By the looks on their faces, I bet they are loath to be in such fresh, clean and starched uniforms only to be told to sit on the dirt and grass. How unsanitary!

Florence Nightingmare

I guess the pretty girls got to be teachers or something.

Garfield Memorial Hospital

This is on the lawn of Garfield Memorial Hospital, which was demolished in 1960, to be replaced by an elementary school and high-rise apartments.

Armed and Dangerous

The two "nurses" on the left have sizeable steel scissors holstered in their waistbands. That would send me home to recuperate.

Momma said..

if you can't say anything nice don't say anything at all.
Nice uniforms.

Boxing Nurses

Looks like the hospital's Nurses Boxing Team to me.

Uniforms

I miss uniforms in the hospital. Uniforms made the nurses easily identifiable from the orderlies or doctors. Today everyone is in scrubs. Whether you are a veterinary tech, dental hygienist or brain surgeon you're in scrubs.

The nurses, I believe, were far more professional than they are in scrubs today.

Even this stern bunch prove my point.

what do we think of matron?

oh go on....just a little smile?

Happy bunch.

The photographer must have said something not to their liking. Like a really bad joke. That one lady on the far right/middle row is giving a look that could kill.

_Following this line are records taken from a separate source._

(* Let $P=P_1\otimes\cdots\otimes P_n$ and $Q=Q_1\otimes\cdots\otimes Q_n$ be product distributions on $[q]^n$ with $P\neq Q$, and let $\mathcal C$ be a coordinate-wise greedy coupling of $P$ and $Q$. Then one can draw an exact sample from the distribution $\pi$ on $[q]^n$ defined by $\pi(\omega)=\Pr_{(X,Y)\sim\mathcal C}[X=\omega\mid X\neq Y]$ in $O(n)$ time (the hidden constant being linear in $q$).
   Context: $d_{TV}(P,Q)=\frac12\sum_{\omega}|P(\omega)-Q(\omega)|$. A coordinate-wise greedy coupling $\mathcal C$ of $P$ and $Q$ is a distribution on pairs $(X,Y)\in[q]^n\times[q]^n$ of the form $\mathcal C=\mathcal C_1\otimes\cdots\otimes\mathcal C_n$ (coordinates $(X_i,Y_i)$ mutually independent), where each $\mathcal C_i$ is a coupling of $P_i$ and $Q_i$ satisfying $\Pr_{\mathcal C_i}[X_i=Y_i=c]=\min\{P_i(c),Q_i(c)\}$ for every $c\in[q]$. Since $P\ne Q$, $\Pr_{\mathcal C}[X\neq Y]>0$, so $\pi$ is well defined (and depends only on $P$ and $Q$). Inputs are the marginals $P_i(c),Q_i(c)$; arithmetic operations cost $O(1)$ time. *)

theory Defs
  imports "HOL-Probability.Probability"
begin

text \<open>[q] = {0..<q}. A product distribution P = P_1 x ... x P_n is given by its marginals
  P i c (i < n, c < q). Points of [q]^n are lists of length n with entries < q.\<close>

definition cube :: "nat \<Rightarrow> nat \<Rightarrow> nat list set" where
  "cube n q = {w. length w = n \<and> (\<forall>i<n. w ! i < q)}"

definition is_dist :: "nat \<Rightarrow> (nat \<Rightarrow> real) \<Rightarrow> bool" where
  "is_dist q p \<longleftrightarrow> (\<forall>c<q. 0 \<le> p c) \<and> (\<Sum>c<q. p c) = 1"

definition is_product_dist :: "nat \<Rightarrow> nat \<Rightarrow> (nat \<Rightarrow> nat \<Rightarrow> real) \<Rightarrow> bool" where
  "is_product_dist n q P \<longleftrightarrow> (\<forall>i<n. is_dist q (P i))"

definition prod_mass :: "nat \<Rightarrow> (nat \<Rightarrow> nat \<Rightarrow> real) \<Rightarrow> nat list \<Rightarrow> real" where
  "prod_mass n P w = (\<Prod>i<n. P i (w ! i))"

text \<open>Cpl i a b = Pr[(X_i, Y_i) = (a, b)]. The coupling of P and Q is the product of the Cpl i.\<close>

definition is_greedy_coupling_coord ::
    "nat \<Rightarrow> (nat \<Rightarrow> real) \<Rightarrow> (nat \<Rightarrow> real) \<Rightarrow> (nat \<Rightarrow> nat \<Rightarrow> real) \<Rightarrow> bool" where
  "is_greedy_coupling_coord q p r C \<longleftrightarrow>
     (\<forall>a<q. \<forall>b<q. 0 \<le> C a b) \<and>
     (\<forall>a<q. (\<Sum>b<q. C a b) = p a) \<and>
     (\<forall>b<q. (\<Sum>a<q. C a b) = r b) \<and>
     (\<forall>c<q. C c c = min (p c) (r c))"

definition is_greedy_coupling ::
    "nat \<Rightarrow> nat \<Rightarrow> (nat \<Rightarrow> nat \<Rightarrow> real) \<Rightarrow> (nat \<Rightarrow> nat \<Rightarrow> real)
       \<Rightarrow> (nat \<Rightarrow> nat \<Rightarrow> nat \<Rightarrow> real) \<Rightarrow> bool" where
  "is_greedy_coupling n q P Q Cpl \<longleftrightarrow> (\<forall>i<n. is_greedy_coupling_coord q (P i) (Q i) (Cpl i))"

definition coupling_mass :: "nat \<Rightarrow> (nat \<Rightarrow> nat \<Rightarrow> nat \<Rightarrow> real) \<Rightarrow> nat list \<Rightarrow> nat list \<Rightarrow> real" where
  "coupling_mass n Cpl w v = (\<Prod>i<n. Cpl i (w ! i) (v ! i))"

definition joint_neq :: "nat \<Rightarrow> nat \<Rightarrow> (nat \<Rightarrow> nat \<Rightarrow> nat \<Rightarrow> real) \<Rightarrow> nat list \<Rightarrow> real" where
  "joint_neq n q Cpl w = (\<Sum>v\<in>cube n q - {w}. coupling_mass n Cpl w v)"

definition pi_cond :: "nat \<Rightarrow> nat \<Rightarrow> (nat \<Rightarrow> nat \<Rightarrow> nat \<Rightarrow> real) \<Rightarrow> nat list \<Rightarrow> real" where
  "pi_cond n q Cpl w = joint_neq n q Cpl w / (\<Sum>u\<in>cube n q. joint_neq n q Cpl u)"

text \<open>Each instruction costs one time step.\<close>

datatype aop = Plus | Minus | Times | Divide

datatype instr =
    Const nat int
  | Arith aop nat nat nat
  | Load nat nat
  | Store nat nat
  | JmpLe nat nat nat
  | Flip nat nat
  | Halt

type_synonym config = "nat \<times> (nat \<Rightarrow> real)"

fun eval_aop :: "aop \<Rightarrow> real \<Rightarrow> real \<Rightarrow> real" where
  "eval_aop Plus x y = x + y"
| "eval_aop Minus x y = x - y"
| "eval_aop Times x y = x * y"
| "eval_aop Divide x y = x / y"

definition halted :: "instr list \<Rightarrow> config \<Rightarrow> bool" where
  "halted prog s \<longleftrightarrow> fst s \<ge> length prog \<or> prog ! fst s = Halt"

definition step :: "instr list \<Rightarrow> config \<Rightarrow> config pmf" where
  "step prog s = (case s of (pc, m) \<Rightarrow>
     if halted prog s then return_pmf s else
     (case prog ! pc of
        Const r k \<Rightarrow> return_pmf (Suc pc, m(r := of_int k))
      | Arith f r a b \<Rightarrow> return_pmf (Suc pc, m(r := eval_aop f (m a) (m b)))
      | Load r a \<Rightarrow> return_pmf (Suc pc, m(r := m (nat \<lfloor>m a\<rfloor>)))
      | Store a r \<Rightarrow> return_pmf (Suc pc, m(nat \<lfloor>m a\<rfloor> := m r))
      | JmpLe a b t \<Rightarrow> return_pmf (if m a \<le> m b then t else Suc pc, m)
      | Flip r a \<Rightarrow> map_pmf (\<lambda>bit. (Suc pc, m(r := (if bit then 1 else 0))))
                       (bernoulli_pmf (max 0 (min 1 (m a))))
      | Halt \<Rightarrow> return_pmf s))"

fun exec :: "instr list \<Rightarrow> nat \<Rightarrow> config \<Rightarrow> config pmf" where
  "exec prog 0 s = return_pmf s"
| "exec prog (Suc k) s = bind_pmf (exec prog k s) (step prog)"

definition input_mem :: "nat \<Rightarrow> nat \<Rightarrow> (nat \<Rightarrow> nat \<Rightarrow> real) \<Rightarrow> (nat \<Rightarrow> nat \<Rightarrow> real) \<Rightarrow> nat \<Rightarrow> real" where
  "input_mem n q P Q j =
     (if j = 0 then real n
      else if j = 1 then real q
      else if 2 \<le> j \<and> j < 2 + n * q then P ((j - 2) div q) ((j - 2) mod q)
      else if 2 + n * q \<le> j \<and> j < 2 + 2 * n * q then Q ((j - 2 - n * q) div q) ((j - 2 - n * q) mod q)
      else 0)"

definition outputs :: "instr list \<Rightarrow> nat \<Rightarrow> nat list \<Rightarrow> config set" where
  "outputs prog n w = {s. halted prog s \<and> (\<forall>i<n. snd s i = real (w ! i))}"

end

theory Submission
  imports Defs
begin

text \<open>Write \<open>T\<^sub>i = \<Prod>\<^sub>j\<^sub>\<ge>\<^sub>i \<Sum>\<^sub>c min (P\<^sub>j c) (Q\<^sub>j c)\<close> for the probability that the greedy
  coupling agrees on all coordinates \<open>\<ge> i\<close>. For a greedy coupling,
  \<open>Pr[X = w, X \<noteq> Y] = \<Prod>\<^sub>i P\<^sub>i(w\<^sub>i) - \<Prod>\<^sub>i min (P\<^sub>i(w\<^sub>i)) (Q\<^sub>i(w\<^sub>i))\<close>, so \<open>\<pi>\<close> can be sampled one
  coordinate at a time, carrying a flag \<open>F\<close> recording whether \<open>X\<close> and \<open>Y\<close> have agreed so far.
  With \<open>F = 1\<close>, coordinate \<open>i\<close> receives the value \<open>c\<close> with weight \<open>(1 - T\<^sub>i\<^sub>+\<^sub>1) min (P\<^sub>i c) (Q\<^sub>i c)\<close>
  (agree now, disagree later; \<open>F\<close> stays 1) or \<open>P\<^sub>i c - min (P\<^sub>i c) (Q\<^sub>i c)\<close> (disagree now; \<open>F\<close>
  becomes 0), normalised by \<open>1 - T\<^sub>i\<close>; with \<open>F = 0\<close> the same formulas give \<open>P\<^sub>i\<close>. The categorical
  choice among the \<open>2q\<close> weights is made by sequential biased coins, each accepting its
  candidate with probability weight / remaining mass. By induction over the coordinates,
  the probability that the output equals \<open>w\<close> from a state \<open>(i, F)\<close> whose prefix agrees with \<open>w\<close>
  is \<open>(\<Prod>\<^sub>j\<^sub>\<ge>\<^sub>i P\<^sub>j(w\<^sub>j) - F \<Prod>\<^sub>j\<^sub>\<ge>\<^sub>i min (P\<^sub>j(w\<^sub>j)) (Q\<^sub>j(w\<^sub>j))) / (1 - F T\<^sub>i)\<close>, which at
  \<open>(0, 1)\<close> is \<open>\<pi>(w)\<close>; \<open>P \<noteq> Q\<close> gives \<open>T\<^sub>0 < 1\<close>. Precomputing all \<open>T\<^sub>i\<close> takes \<open>O(nq)\<close>
  steps, and so does the sampling.\<close>

section \<open>Greedy couplings of product distributions\<close>

lemma cube_Suc: "cube (Suc n) q = (\<lambda>(c, v). c # v) ` ({..<q} \<times> cube n q)"
proof (rule set_eqI)
  fix w show "w \<in> cube (Suc n) q \<longleftrightarrow> w \<in> (\<lambda>(c, v). c # v) ` ({..<q} \<times> cube n q)"
  proof
    assume "w \<in> cube (Suc n) q"
    then obtain c v where w: "w = c # v" and l: "length v = n" and h: "\<forall>i<Suc n. w ! i < q"
      unfolding cube_def by (cases w) auto
    have "c < q" "\<forall>i<n. v ! i < q" using h w by auto
    then show "w \<in> (\<lambda>(c, v). c # v) ` ({..<q} \<times> cube n q)"
      using w l unfolding cube_def by force
  qed (auto simp: cube_def less_Suc_eq_0_disj)
qed

lemma finite_cube: "finite (cube n q)"
proof -
  have "cube n q \<subseteq> {xs. set xs \<subseteq> {..<q} \<and> length xs = n}"
    unfolding cube_def by (auto simp: in_set_conv_nth)
  then show ?thesis by (rule finite_subset) (simp add: finite_lists_length_eq)
qed

lemma sum_cube_prod:
  "(\<Sum>v\<in>cube n q. \<Prod>i<n. f i (v ! i)) = (\<Prod>i<n. \<Sum>c<q. (f i c :: 'a :: comm_semiring_1))"
proof (induction n arbitrary: f)
  case 0
  have "cube 0 q = {[]}" unfolding cube_def by auto
  then show ?case by simp
next
  case (Suc n)
  have inj: "inj_on (\<lambda>(c, v). c # v) ({..<q} \<times> cube n q)" by (auto simp: inj_on_def)
  have "(\<Sum>v\<in>cube (Suc n) q. \<Prod>i<Suc n. f i (v ! i))
      = (\<Sum>c<q. \<Sum>v\<in>cube n q. f 0 c * (\<Prod>i<n. f (Suc i) (v ! i)))"
    unfolding cube_Suc sum.reindex[OF inj] sum.cartesian_product
    by (rule sum.cong) (auto simp del: prod.lessThan_Suc simp add: prod.lessThan_Suc_shift)
  also have "\<dots> = (\<Sum>c<q. f 0 c) * (\<Prod>i<n. \<Sum>c<q. f (Suc i) c)"
    using Suc.IH[of "\<lambda>i. f (Suc i)"] by (simp add: sum_distrib_left[symmetric] sum_distrib_right)
  also have "\<dots> = (\<Prod>i<Suc n. \<Sum>c<q. f i c)"
    by (simp del: prod.lessThan_Suc add: prod.lessThan_Suc_shift)
  finally show ?case .
qed

lemma joint_neq_greedy:
  assumes "is_greedy_coupling n q P Q Cpl" and "w \<in> cube n q"
  shows "joint_neq n q Cpl w = (\<Prod>i<n. P i (w ! i)) - (\<Prod>i<n. min (P i (w ! i)) (Q i (w ! i)))"
proof -
  have coord: "\<forall>i<n. w ! i < q \<and> is_greedy_coupling_coord q (P i) (Q i) (Cpl i)"
    using assms unfolding cube_def is_greedy_coupling_def by auto
  have "joint_neq n q Cpl w = (\<Sum>v\<in>cube n q. coupling_mass n Cpl w v) - coupling_mass n Cpl w w"
    unfolding joint_neq_def using assms(2) finite_cube by (simp add: sum_diff1)
  also have "(\<Sum>v\<in>cube n q. coupling_mass n Cpl w v) = (\<Prod>i<n. \<Sum>c<q. Cpl i (w ! i) c)"
    unfolding coupling_mass_def by (rule sum_cube_prod)
  also have "\<dots> = (\<Prod>i<n. P i (w ! i))"
    using coord unfolding is_greedy_coupling_coord_def by (intro prod.cong) auto
  also have "coupling_mass n Cpl w w = (\<Prod>i<n. min (P i (w ! i)) (Q i (w ! i)))"
    using coord unfolding coupling_mass_def is_greedy_coupling_coord_def by (intro prod.cong) auto
  finally show ?thesis .
qed

lemma pi_cond_greedy:
  assumes g: "is_greedy_coupling n q P Q Cpl" and "is_product_dist n q P" and w: "w \<in> cube n q"
  shows "pi_cond n q Cpl w = ((\<Prod>i<n. P i (w ! i)) - (\<Prod>i<n. min (P i (w ! i)) (Q i (w ! i))))
            / (1 - (\<Prod>i<n. \<Sum>c<q. min (P i c) (Q i c)))"
proof -
  have "(\<Sum>u\<in>cube n q. joint_neq n q Cpl u)
      = (\<Sum>u\<in>cube n q. (\<Prod>i<n. P i (u ! i)) - (\<Prod>i<n. min (P i (u ! i)) (Q i (u ! i))))"
    by (rule sum.cong) (auto simp: joint_neq_greedy[OF g])
  also have "\<dots> = (\<Prod>i<n. \<Sum>c<q. P i c) - (\<Prod>i<n. \<Sum>c<q. min (P i c) (Q i c))"
    by (simp add: sum_subtractf sum_cube_prod[where f = P]
        sum_cube_prod[where f = "\<lambda>i c. min (P i c) (Q i c)"])
  also have "(\<Prod>i<n. \<Sum>c<q. P i c) = 1"
    using assms(2) unfolding is_product_dist_def is_dist_def by (intro prod.neutral) auto
  finally show ?thesis unfolding pi_cond_def joint_neq_greedy[OF g w] by simp
qed

lemma sum_min_le_1: "is_dist q p \<Longrightarrow> (\<Sum>c<q. min (p c) (r c)) \<le> 1"
  unfolding is_dist_def using sum_mono[of "{..<q}" "\<lambda>c. min (p c) (r c)" p] by auto

lemma sum_min_nonneg: "is_dist q p \<Longrightarrow> is_dist q r \<Longrightarrow> 0 \<le> (\<Sum>c<q. min (p c) (r c))"
  unfolding is_dist_def by (intro sum_nonneg) auto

One of the weirder photos I've seen on the site.

Comfortable Shoes and Comfortable Uniforms...

were definitely not the order of the day!! Also, love the hats on the ladies on the balcony with tons of fake fruit on them.

Her Eyes Are Telling

The leftmost nurse's eyes tell me that she either has a thing going with the photographer or she plans to soon have a thing going with the photographer.
I wonder how it worked out?

Frost McFrosty

I wouldn't want any one among them to change my bedpan...

The photographer's instructions:

Look away from the camera, and think of sour lemons.

Given some of those "smiles"/snarls...

I'd be VERY motivated to get well quickly... :)

Evil Angels

They all look like they can't wait to get their hands on a patient. And I don't mean in a healing sort of way.